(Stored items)
+++++

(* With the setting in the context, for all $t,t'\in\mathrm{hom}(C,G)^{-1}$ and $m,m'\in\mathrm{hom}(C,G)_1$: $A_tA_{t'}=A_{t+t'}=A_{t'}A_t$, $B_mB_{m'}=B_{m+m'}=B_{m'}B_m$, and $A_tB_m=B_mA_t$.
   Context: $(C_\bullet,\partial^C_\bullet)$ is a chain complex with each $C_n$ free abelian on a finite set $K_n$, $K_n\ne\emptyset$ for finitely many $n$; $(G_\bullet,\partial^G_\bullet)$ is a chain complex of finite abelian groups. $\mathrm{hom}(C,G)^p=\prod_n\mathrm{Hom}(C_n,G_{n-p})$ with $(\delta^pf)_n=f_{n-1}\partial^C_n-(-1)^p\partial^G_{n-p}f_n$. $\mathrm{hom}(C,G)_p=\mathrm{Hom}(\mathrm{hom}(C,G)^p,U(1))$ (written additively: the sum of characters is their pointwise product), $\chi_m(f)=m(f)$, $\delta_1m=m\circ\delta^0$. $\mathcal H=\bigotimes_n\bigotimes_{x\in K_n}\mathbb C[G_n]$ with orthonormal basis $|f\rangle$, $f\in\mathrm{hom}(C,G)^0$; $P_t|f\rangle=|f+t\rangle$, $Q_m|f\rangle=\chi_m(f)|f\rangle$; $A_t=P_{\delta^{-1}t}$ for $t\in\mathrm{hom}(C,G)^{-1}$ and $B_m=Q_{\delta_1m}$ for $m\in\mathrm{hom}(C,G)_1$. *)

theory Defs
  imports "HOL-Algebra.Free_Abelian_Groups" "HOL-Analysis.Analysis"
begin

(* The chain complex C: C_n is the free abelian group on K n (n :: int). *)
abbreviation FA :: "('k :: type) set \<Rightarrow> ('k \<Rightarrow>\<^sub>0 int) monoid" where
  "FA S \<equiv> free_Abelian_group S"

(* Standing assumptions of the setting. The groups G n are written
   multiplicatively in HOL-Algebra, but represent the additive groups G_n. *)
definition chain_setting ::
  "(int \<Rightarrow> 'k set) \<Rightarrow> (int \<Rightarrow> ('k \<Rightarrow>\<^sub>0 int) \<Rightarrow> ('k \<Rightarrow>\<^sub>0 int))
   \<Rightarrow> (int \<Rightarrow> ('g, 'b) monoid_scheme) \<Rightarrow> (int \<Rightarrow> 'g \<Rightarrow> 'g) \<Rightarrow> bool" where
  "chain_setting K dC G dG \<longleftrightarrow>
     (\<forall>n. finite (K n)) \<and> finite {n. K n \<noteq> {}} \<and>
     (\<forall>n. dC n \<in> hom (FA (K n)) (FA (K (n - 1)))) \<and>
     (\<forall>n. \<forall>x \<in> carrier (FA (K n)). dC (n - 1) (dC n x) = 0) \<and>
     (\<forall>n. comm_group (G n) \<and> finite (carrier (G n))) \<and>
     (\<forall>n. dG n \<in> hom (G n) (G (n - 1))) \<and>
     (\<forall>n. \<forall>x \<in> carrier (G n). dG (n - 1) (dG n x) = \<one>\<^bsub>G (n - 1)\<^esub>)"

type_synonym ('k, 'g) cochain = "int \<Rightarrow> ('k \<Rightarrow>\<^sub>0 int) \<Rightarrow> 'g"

+++++

# [Task item]
Please return the lines above that run from the line containing "multiplicatively in HOL-Algebra, but" to the line containing "('k \<Rightarrow>\<^sub>0 int))", inclusive, exactly and with no other lines.

# [Written answer]
   multiplicatively in HOL-Algebra, but represent the additive groups G_n. *)
definition chain_setting ::
  "(int \<Rightarrow> 'k set) \<Rightarrow> (int \<Rightarrow> ('k \<Rightarrow>\<^sub>0 int) \<Rightarrow> ('k \<Rightarrow>\<^sub>0 int))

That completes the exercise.